Calculating the next power of 2-keithnwsuaf-ChinaUnix博客

A fairly common problem in systems programming is to locate the "next highest power of 2," since many data structures are much more efficient that way. Memory pages on a 32-bit OS are usually 4096 bytes long (2¹²), and textures on graphics cards usually need to have power-of-2 dimensions.

So, suppose I have some object of a certain size (947, for example), and I need to find the smallest power-of-2 that's large enough to hold my object (in this case, 2¹⁰ or 1024). We'll start with a fairly simple algorithm:

int val = 947, powof2 = 1;
// Double powof2 until >= val
while( powof2 < val ) powof2 <<= 1;

This will work, and if you're in a hurry, this is probably what will get used. If you're just calculating the size for a texture, then this is unlikely to be performance-critical code, so it may not be worth your time to optimize this. This might become a bottleneck if you're writing a memory manager, however; how can you do this more quickly?

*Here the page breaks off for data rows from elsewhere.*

lemma det_schur:
  "det (enum_mat schur enum_V1V2 enum_V1V2 (card V1 + card V2) (card V1 + card V2))
   = scale1 ^ card V1 * poly (char_poly (nlap_matrix V1 E1)) eval1
     * (scale2 ^ card V2 * poly (char_poly (nlap_matrix V2 E2)) eval2)
     * (1 - corr * real (card V2) / (scale2 * eval2))
     * (1 - offdiag * offdiag * real (card V2) * real (card V1)
          / (scale1 * eval1 * (scale2 * eval2 - real (card V2) * corr)))"
proof -
  let ?n1 = "card V1" and ?n2 = "card V2" and ?e1 = "vertex_enum V1" and ?e2 = "vertex_enum V2"
  define P where "P = scale1 \<cdot>\<^sub>m enum_mat (nlap_char_entry E1 eval1) ?e1 ?e1 ?n1 ?n1"
  define C where "C = scale2 \<cdot>\<^sub>m enum_mat (nlap_char_entry E2 eval2) ?e2 ?e2 ?n2 ?n2"
  define C' where "C' = mat ?n2 ?n2 (\<lambda>(i, j). C $$ (i, j) - corr)"
  have e1: "bij_betw ?e1 {..<?n1} V1" and e2: "bij_betw ?e2 {..<?n2} V2"
    using vertex_enum_bij finite_V1 finite_V2 by auto
  have P: "P \<in> carrier_mat ?n1 ?n1" and C: "C \<in> carrier_mat ?n2 ?n2" and C': "C' \<in> carrier_mat ?n2 ?n2"
    by (auto simp: P_def C_def C'_def)
  have rowsP: "(\<Sum>j<?n1. P $$ (i, j)) = scale1 * eval1" if "i < ?n1" for i
  proof -
    have "(\<Sum>j<?n1. P $$ (i, j)) = scale1 * (\<Sum>j<?n1. nlap_char_entry E1 eval1 (?e1 i) (?e1 j))"
      using that by (simp add: P_def sum_distrib_left)
    also have "\<dots> = scale1 * eval1"
      using that bij_betwE[OF e1] nlap_char_entry_row_sum[OF G1 reg1 r1_pos]
      by (simp add: sum.reindex_bij_betw[OF e1, of "nlap_char_entry E1 eval1 (?e1 i)"])
    finally show ?thesis .
  qed
  have rowsC: "(\<Sum>j<?n2. C $$ (i, j)) = scale2 * eval2" if "i < ?n2" for i
  proof -
    have "(\<Sum>j<?n2. C $$ (i, j)) = scale2 * (\<Sum>j<?n2. nlap_char_entry E2 eval2 (?e2 i) (?e2 j))"
      using that by (simp add: C_def sum_distrib_left)
    also have "\<dots> = scale2 * eval2"
      using that bij_betwE[OF e2] nlap_char_entry_row_sum[OF G2 reg2 r2_pos]
      by (simp add: sum.reindex_bij_betw[OF e2, of "nlap_char_entry E2 eval2 (?e2 i)"])
    finally show ?thesis .
  qed
  have rowsC': "(\<Sum>j<?n2. C' $$ (i, j)) = scale2 * eval2 - real ?n2 * corr" if "i < ?n2" for i
    using that rowsC[OF that] by (simp add: C'_def sum_subtractf)
  have "det (enum_mat schur enum_V1V2 enum_V1V2 (?n1 + ?n2) (?n1 + ?n2))
      = det P * det C' * (1 - offdiag * offdiag * real ?n2 * real ?n1
          / (scale1 * eval1 * (scale2 * eval2 - real ?n2 * corr)))"
    unfolding enum_mat_schur_blocks P_def[symmetric] C_def[symmetric] C'_def[symmetric]
    using scale1_eval1_pos scale2_eval2_corr_pos
    by (intro det_four_block_mat_const_off_diag[OF P rowsP C' rowsC']) auto
  also have "det C' = det C * (1 - corr * real ?n2 / (scale2 * eval2))"
    unfolding C'_def using scale2_eval2_pos by (intro det_minus_const_mat[OF C rowsC]) auto
  also have "det P = scale1 ^ ?n1 * poly (char_poly (nlap_matrix V1 E1)) eval1"
    by (simp add: P_def poly_char_poly_nlap_matrix[OF finite_V1 e1])
  also have "det C = scale2 ^ ?n2 * poly (char_poly (nlap_matrix V2 E2)) eval2"
    by (simp add: C_def poly_char_poly_nlap_matrix[OF finite_V2 e2])
  finally show ?thesis by (simp only: ac_simps)
qed
(* Consider the knapsack auction game described in the context, with the Greedy allocation rule. In the uniform-price (UP) auction, bidding truthfully (submitting $B_i = v_i$, i.e. per-unit bid $b_i = v_i/k_i$) is a weakly dominant strategy for every bidder $i$, so the UP auction is dominant-strategy incentive compatible. Moreover, the UP payment rule is the unique payment rule which, combined with the Greedy allocation rule, yields a dominant-strategy incentive-compatible sealed-bid mechanism (under the normalization that a bidder who bids $0$ pays $0$). That is, the UP auction has the unique dominant-strategy incentive-compatible equilibrium of the knapsack auction game.
   Context: A seller owns a knapsack of capacity $K>0$ and sells its space to bidders $N=\{1,\dots,n\}$. Bidder $i$ owns an indivisible object of size $k_i<K$; sizes are public and $\sum_{i\in N}k_i>K$. Bidder $i$ obtains value $v_i$ if its object is packed and $0$ otherwise; $v_i$ is privately known to $i$, and values are drawn from a commonly known continuous, twice differentiable distribution $F$ with density $f<\infty$. Each bidder $i$ submits a bid $B_i$ for its object; its per-unit bid is $b_i=B_i/k_i$. Per-unit bids are assumed distinct and bidders are indexed so that $b_1>b_2>\dots>b_n$. Greedy allocation rule: objects are packed in decreasing order of per-unit bid, starting from the highest, and the auctioneer stops as soon as the next object in this order does not fit in the remaining capacity (no further, lower-ranked objects are considered). Thus the winning set is $W=\{1,\dots,m\}$ with $\sum_{j\in W}k_j\le K$ and $\sum_{j\in W}k_j+k_{m+1}>K$. UP payment rule: every packed bidder $i$ pays $k_i b_{m+1}$, where $b_{m+1}$ is the per-unit bid of the first bidder in the ranking whose object is not packed; unpacked bidders pay nothing. Bidder $i$'s payoff is $v_i$ minus its payment if packed, and $0$ otherwise. A mechanism (allocation rule, payment rule) is dominant-strategy incentive compatible (DSIC) if truthful bidding is a weakly dominant strategy for every bidder. *)

theory Defs
  imports Complex_Main
begin

definition per_unit :: "('a \<Rightarrow> real) \<Rightarrow> ('a \<Rightarrow> real) \<Rightarrow> 'a \<Rightarrow> real" where
  "per_unit k B j = B j / k j"

definition valid_profile :: "'a set \<Rightarrow> ('a \<Rightarrow> real) \<Rightarrow> ('a \<Rightarrow> real) \<Rightarrow> bool" where
  "valid_profile N k B \<longleftrightarrow> (\<forall>j\<in>N. 0 \<le> B j) \<and> inj_on (per_unit k B) N"

text \<open>Greedy allocation: objects are packed in decreasing order of per-unit bid and
the auctioneer stops at the first object that does not fit.\<close>
definition packed :: "'a set \<Rightarrow> ('a \<Rightarrow> real) \<Rightarrow> real \<Rightarrow> ('a \<Rightarrow> real) \<Rightarrow> 'a \<Rightarrow> bool" where
  "packed N k K B i \<longleftrightarrow>
     (\<Sum>j\<in>{j\<in>N. per_unit k B i \<le> per_unit k B j}. k j) \<le> K"

definition clearing_price :: "'a set \<Rightarrow> ('a \<Rightarrow> real) \<Rightarrow> real \<Rightarrow> ('a \<Rightarrow> real) \<Rightarrow> real" where
  "clearing_price N k K B = Max (per_unit k B ` {j\<in>N. \<not> packed N k K B j})"

definition up_payment :: "'a set \<Rightarrow> ('a \<Rightarrow> real) \<Rightarrow> real \<Rightarrow> ('a \<Rightarrow> real) \<Rightarrow> 'a \<Rightarrow> real" where
  "up_payment N k K B i = (if packed N k K B i then k i * clearing_price N k K B else 0)"

definition payoff :: "'a set \<Rightarrow> ('a \<Rightarrow> real) \<Rightarrow> real \<Rightarrow> (('a \<Rightarrow> real) \<Rightarrow> 'a \<Rightarrow> real)
                     \<Rightarrow> real \<Rightarrow> ('a \<Rightarrow> real) \<Rightarrow> 'a \<Rightarrow> real" where
  "payoff N k K P v B i = (if packed N k K B i then v else 0) - P B i"

definition dsic :: "'a set \<Rightarrow> ('a \<Rightarrow> real) \<Rightarrow> real \<Rightarrow> (('a \<Rightarrow> real) \<Rightarrow> 'a \<Rightarrow> real) \<Rightarrow> bool" where
  "dsic N k K P \<longleftrightarrow>
     (\<forall>B i v b. i \<in> N \<longrightarrow> valid_profile N k (B(i := v)) \<longrightarrow> valid_profile N k (B(i := b)) \<longrightarrow>
        payoff N k K P v (B(i := b)) i \<le> payoff N k K P v (B(i := v)) i)"

definition zero_bid_pays_zero :: "'a set \<Rightarrow> ('a \<Rightarrow> real) \<Rightarrow> (('a \<Rightarrow> real) \<Rightarrow> 'a \<Rightarrow> real) \<Rightarrow> bool" where
  "zero_bid_pays_zero N k P \<longleftrightarrow>
     (\<forall>B i. i \<in> N \<longrightarrow> valid_profile N k B \<longrightarrow> B i = 0 \<longrightarrow> P B i = 0)"

end

theory Submission
  imports Defs
begin

text \<open>Greedy is monotone in a bidder's own bid, with threshold the clearing price: a packed
bidder stays packed, and leaves the clearing price unchanged, as long as its per-unit bid stays
above it, and any bid below it is rejected. UP charges a packed bidder exactly this threshold,
so overbidding can only add a loss-making win and underbidding can only forfeit a profitable one.

Conversely, under any DSIC payment rule a bidder's payment depends only on whether it is
packed, and the extra payment for being packed lies between any rejected bid and any accepted
bid. Approaching the threshold from both sides, avoiding the finitely many bids that would tie,
pins the payment of a packed bidder to its size times the clearing price.\<close>

lemma per_unit_update:
  "per_unit k (B(i := x)) j = (if j = i then x / k i else per_unit k B j)"
  by (simp add: per_unit_def)

lemma valid_profile_update:
  assumes "valid_profile N k B" "0 \<le> x" "x / k i \<notin> per_unit k B ` (N - {i})"
  shows "valid_profile N k (B(i := x))"
proof -
  have "\<forall>j\<in>N - {i}. per_unit k B j \<noteq> x / k i"
    using assms(3) by (metis imageI)
  with assms(1,2) show ?thesis
    unfolding valid_profile_def inj_on_def by (auto simp: per_unit_update split: if_splits)
qed

lemma exists_off_finite_between:
  fixes a b :: real
  assumes "a < b" "finite F"
  obtains x where "a < x" "x < b" "x \<notin> F"
proof -
  have "infinite ({a<..<b} - F)"
    using assms by (simp add: Diff_infinite_finite)
  then obtain x where "x \<in> {a<..<b} - F"
    by (metis ex_in_conv finite.emptyI)
  then show ?thesis using that by auto
qed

This code has a few weaknesses. Firstly, it uses a loop, which means that the code has to run a test and then split in two possible directions after every iteration. Conditional branches of this sort aren't a huge deal on a modern processor, but they're still slower than avoiding branches altogether. Secondly, the loop can iterate quite a few times--up to 31, in fact. Thirdly, if the value stored in 'val' is over 2³¹, and if you're using unsigned integers, then this can become an infinite loop. Hardly desirable!

It turns out that there's a fairly slick algorithm to solve this problem. The basic idea is to take your number (947 again: 0000 0011 1011 0011), and use bit operations to convert it to a solid string of 1's with the same number of digits (in this case, 0000 0011 1111 1111). Then, add 1, and you'll have the next power of 2 (0000 0100 0000 0000, or 1024). To convert any number into a solid string of 1's, we'll use right-shift and or repeatedly:

val = (val >> 1) | val;
val = (val >> 2) | val;
val = (val >> 4) | val;
val = (val >> 8) | val;
val = (val >> 16) | val;

Why do we do it five times? Well, that's because val is a 32-bit integer, and every time you iterate, you're doubling the number of digits you fill. After five steps, you've filled 2⁵ digits, and you're done. If you're on a 64-bit architecture (2⁶) you'll need to repeat 6 times. The steps on 947 look like:

0000 0011 1011 0011
0000 0011 1111 1011
0000 0011 1111 1111
... with the remaining steps staying at this value.

There's one small problem with this algorithm: it doesn't work properly for the powers of two themselves. It will give the next highest power of 2. This is pretty easy to fix, though: Just subtract one from the value before you begin, and you'll get the right answer in every case. Here's the final algorithm:

val = ... // Get input
val--;
val = (val >> 1) | val;
val = (val >> 2) | val;
val = (val >> 4) | val;
val = (val >> 8) | val;
val = (val >> 16) | val;
val++; // Val is now the next highest power of 2.

One final thought: What does it do on zeroes? It turns out that if you pass the algorithm a zero or any value greater than 2³¹, it will return zero (try it if you're not sure why). Unless you're certain you will never pass either of these values, you should handle having zero as a return value.

That's all for today. Happy bit-twiddling!